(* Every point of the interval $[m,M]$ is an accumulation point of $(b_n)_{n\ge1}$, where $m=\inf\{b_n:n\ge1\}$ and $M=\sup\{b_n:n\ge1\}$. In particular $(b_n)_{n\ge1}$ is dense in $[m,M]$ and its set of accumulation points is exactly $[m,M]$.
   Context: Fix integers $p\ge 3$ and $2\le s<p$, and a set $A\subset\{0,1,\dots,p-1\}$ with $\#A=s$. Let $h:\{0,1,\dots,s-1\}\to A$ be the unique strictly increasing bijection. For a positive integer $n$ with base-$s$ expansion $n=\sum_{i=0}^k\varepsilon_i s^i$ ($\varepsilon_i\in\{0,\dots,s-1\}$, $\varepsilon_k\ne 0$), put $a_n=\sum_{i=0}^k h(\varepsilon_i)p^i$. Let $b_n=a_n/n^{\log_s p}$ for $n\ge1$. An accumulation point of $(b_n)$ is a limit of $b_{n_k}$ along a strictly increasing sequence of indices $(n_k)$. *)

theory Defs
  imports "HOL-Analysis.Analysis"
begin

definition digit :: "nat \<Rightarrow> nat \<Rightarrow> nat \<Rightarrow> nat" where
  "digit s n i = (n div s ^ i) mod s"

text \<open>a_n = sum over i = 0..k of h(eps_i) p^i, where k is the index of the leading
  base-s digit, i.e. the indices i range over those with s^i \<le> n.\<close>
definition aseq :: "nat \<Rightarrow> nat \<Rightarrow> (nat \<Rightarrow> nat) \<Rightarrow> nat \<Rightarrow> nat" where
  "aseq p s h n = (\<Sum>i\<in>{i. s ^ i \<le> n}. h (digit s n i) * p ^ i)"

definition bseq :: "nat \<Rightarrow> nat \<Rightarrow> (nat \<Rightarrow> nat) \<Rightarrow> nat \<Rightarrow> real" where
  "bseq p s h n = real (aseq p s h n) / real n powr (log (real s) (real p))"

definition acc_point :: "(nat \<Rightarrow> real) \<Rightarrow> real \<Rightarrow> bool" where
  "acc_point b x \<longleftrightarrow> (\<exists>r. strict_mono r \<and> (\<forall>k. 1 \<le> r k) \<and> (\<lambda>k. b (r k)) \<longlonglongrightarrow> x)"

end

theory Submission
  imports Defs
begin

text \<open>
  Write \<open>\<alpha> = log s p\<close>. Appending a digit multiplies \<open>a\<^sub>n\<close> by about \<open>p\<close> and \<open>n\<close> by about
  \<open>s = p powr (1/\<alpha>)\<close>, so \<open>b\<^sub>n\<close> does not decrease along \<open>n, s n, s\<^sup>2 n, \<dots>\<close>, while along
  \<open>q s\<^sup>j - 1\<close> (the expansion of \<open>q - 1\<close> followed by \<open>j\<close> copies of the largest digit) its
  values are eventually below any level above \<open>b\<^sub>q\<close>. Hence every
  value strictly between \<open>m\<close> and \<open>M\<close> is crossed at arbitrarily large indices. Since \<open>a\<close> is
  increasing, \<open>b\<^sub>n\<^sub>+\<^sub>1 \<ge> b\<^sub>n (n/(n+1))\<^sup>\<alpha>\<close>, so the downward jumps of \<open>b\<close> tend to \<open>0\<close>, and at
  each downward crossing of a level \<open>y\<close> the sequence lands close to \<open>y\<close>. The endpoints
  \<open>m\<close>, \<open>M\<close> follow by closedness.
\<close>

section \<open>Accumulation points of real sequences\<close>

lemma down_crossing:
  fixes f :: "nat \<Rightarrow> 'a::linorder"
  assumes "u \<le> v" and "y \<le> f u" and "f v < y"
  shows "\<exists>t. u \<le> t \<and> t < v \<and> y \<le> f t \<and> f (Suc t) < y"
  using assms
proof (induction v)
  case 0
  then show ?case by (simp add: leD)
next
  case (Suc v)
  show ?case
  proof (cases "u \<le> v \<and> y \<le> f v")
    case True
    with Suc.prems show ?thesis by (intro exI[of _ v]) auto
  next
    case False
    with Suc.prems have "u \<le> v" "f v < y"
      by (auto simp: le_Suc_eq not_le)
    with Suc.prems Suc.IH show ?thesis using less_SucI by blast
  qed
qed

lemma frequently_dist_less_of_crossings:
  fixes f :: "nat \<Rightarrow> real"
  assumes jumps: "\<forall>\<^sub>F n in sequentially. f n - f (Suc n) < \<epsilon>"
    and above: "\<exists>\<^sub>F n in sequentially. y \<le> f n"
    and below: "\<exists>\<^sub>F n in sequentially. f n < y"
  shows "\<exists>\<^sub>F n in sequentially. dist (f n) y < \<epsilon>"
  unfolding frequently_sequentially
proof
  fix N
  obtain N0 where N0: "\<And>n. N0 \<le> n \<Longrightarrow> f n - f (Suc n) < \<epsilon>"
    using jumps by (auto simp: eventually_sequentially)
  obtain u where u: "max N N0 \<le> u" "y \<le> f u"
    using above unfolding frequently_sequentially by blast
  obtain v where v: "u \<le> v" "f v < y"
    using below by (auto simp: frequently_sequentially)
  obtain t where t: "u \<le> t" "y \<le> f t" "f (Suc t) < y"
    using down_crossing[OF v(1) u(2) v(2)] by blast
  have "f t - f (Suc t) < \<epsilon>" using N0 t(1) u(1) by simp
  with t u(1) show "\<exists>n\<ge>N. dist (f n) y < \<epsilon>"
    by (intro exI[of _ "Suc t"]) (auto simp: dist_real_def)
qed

==

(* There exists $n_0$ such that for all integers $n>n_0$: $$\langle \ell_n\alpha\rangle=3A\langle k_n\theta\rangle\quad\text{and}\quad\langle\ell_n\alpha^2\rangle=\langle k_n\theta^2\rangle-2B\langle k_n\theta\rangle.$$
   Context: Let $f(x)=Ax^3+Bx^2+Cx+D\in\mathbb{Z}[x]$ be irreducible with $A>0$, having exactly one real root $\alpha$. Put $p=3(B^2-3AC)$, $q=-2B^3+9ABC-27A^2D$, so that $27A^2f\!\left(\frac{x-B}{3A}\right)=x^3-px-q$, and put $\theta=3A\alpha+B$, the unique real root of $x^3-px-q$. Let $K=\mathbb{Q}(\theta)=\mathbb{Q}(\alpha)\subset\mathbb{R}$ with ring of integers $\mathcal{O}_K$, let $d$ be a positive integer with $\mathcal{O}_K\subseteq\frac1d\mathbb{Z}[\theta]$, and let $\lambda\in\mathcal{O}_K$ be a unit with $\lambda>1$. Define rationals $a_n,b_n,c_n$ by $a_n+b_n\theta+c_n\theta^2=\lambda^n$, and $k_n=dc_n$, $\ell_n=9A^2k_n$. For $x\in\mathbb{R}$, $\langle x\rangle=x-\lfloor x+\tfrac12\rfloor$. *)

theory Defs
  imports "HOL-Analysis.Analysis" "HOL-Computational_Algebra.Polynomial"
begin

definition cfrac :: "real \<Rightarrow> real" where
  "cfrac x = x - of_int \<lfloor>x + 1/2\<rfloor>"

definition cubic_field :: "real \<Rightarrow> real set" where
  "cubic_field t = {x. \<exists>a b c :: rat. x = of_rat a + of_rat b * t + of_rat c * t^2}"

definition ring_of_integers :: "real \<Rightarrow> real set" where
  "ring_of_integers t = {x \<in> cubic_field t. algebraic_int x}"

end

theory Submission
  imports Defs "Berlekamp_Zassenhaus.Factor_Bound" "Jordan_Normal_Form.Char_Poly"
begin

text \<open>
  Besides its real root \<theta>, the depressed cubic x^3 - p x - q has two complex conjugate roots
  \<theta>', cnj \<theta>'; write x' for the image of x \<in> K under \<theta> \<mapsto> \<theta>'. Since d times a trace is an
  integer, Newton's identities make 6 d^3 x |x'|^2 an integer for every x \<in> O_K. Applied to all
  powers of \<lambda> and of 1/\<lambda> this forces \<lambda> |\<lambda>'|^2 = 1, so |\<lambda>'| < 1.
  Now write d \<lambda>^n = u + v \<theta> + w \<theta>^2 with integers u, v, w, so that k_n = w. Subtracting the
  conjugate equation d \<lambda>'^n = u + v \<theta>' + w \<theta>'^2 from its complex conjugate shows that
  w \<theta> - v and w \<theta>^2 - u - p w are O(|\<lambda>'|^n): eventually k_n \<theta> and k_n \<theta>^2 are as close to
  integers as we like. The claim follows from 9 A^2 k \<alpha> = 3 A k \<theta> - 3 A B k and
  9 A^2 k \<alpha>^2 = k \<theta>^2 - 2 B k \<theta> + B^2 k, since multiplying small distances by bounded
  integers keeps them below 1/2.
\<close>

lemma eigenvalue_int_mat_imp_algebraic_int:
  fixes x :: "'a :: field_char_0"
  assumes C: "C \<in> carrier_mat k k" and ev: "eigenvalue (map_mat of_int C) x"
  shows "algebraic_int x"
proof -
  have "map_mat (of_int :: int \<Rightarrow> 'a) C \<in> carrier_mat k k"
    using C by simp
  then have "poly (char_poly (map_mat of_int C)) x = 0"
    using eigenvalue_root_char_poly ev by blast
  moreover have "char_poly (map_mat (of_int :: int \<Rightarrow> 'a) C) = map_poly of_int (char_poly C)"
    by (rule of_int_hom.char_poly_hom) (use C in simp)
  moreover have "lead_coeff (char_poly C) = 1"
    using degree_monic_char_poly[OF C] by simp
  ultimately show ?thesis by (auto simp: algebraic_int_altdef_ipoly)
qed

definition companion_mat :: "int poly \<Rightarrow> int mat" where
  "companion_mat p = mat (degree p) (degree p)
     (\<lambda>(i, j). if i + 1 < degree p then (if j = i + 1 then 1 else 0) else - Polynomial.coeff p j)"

==

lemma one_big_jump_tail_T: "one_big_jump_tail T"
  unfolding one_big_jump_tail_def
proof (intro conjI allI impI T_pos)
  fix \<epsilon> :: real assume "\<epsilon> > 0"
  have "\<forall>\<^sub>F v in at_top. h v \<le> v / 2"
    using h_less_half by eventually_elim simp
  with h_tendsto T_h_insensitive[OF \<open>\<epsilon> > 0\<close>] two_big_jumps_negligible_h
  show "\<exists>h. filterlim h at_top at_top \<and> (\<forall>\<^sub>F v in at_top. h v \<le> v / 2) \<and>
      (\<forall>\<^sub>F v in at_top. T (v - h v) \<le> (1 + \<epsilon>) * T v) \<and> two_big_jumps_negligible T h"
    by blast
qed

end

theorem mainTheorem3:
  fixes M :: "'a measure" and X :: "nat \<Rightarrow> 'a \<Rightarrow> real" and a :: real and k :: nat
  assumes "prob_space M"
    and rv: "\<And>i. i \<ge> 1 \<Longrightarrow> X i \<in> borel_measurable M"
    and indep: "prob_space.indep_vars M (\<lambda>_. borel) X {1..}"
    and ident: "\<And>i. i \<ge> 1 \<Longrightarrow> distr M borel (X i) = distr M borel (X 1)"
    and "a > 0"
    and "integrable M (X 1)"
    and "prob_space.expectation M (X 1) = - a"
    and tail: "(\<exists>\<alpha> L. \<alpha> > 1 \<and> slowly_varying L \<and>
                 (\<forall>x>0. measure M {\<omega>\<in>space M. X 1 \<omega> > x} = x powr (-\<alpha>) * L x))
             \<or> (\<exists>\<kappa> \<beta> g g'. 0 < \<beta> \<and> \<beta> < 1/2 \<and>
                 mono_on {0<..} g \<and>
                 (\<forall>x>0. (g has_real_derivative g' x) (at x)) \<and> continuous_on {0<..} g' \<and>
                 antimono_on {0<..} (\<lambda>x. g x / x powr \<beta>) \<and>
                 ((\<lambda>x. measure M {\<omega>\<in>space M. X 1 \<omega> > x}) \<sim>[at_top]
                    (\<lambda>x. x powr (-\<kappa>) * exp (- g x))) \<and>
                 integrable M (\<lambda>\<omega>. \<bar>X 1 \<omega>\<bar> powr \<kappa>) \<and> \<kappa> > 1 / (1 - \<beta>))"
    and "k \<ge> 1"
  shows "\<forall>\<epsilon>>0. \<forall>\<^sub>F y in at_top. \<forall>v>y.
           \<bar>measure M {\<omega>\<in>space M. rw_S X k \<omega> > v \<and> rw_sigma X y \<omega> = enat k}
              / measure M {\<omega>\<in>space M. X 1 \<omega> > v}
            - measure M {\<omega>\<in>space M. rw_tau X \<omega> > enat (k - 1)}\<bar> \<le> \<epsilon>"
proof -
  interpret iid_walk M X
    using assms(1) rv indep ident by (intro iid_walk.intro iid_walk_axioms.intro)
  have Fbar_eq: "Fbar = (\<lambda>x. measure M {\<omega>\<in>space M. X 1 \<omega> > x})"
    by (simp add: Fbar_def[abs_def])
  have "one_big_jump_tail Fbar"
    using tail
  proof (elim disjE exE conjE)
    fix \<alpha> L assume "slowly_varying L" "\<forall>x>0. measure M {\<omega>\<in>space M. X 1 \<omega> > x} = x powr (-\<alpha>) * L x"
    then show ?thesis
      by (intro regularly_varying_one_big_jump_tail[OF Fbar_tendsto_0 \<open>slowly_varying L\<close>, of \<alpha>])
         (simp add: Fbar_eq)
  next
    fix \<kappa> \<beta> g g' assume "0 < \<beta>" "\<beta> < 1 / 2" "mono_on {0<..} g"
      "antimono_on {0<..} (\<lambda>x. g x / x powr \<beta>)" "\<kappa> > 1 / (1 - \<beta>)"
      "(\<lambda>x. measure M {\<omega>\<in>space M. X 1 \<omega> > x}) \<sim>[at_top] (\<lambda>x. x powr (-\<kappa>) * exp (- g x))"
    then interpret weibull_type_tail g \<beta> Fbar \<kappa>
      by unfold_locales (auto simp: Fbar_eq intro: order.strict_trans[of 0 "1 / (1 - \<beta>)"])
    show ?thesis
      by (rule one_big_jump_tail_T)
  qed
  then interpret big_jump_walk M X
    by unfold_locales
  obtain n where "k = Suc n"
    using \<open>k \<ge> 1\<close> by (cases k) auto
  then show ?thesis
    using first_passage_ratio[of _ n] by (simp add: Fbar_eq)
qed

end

> **ABOUT THIS EXERCISE**:
With the line that has "p) (degree p)" as the first and the line that has "(\<lambda>(i, j). if" as the last, repeat exactly that run of lines above and no more.

> **OUTPUT FOR THIS EXERCISE**:
  "companion_mat p = mat (degree p) (degree p)
     (\<lambda>(i, j). if i + 1 < degree p then (if j = i + 1 then 1 else 0) else - Polynomial.coeff p j)"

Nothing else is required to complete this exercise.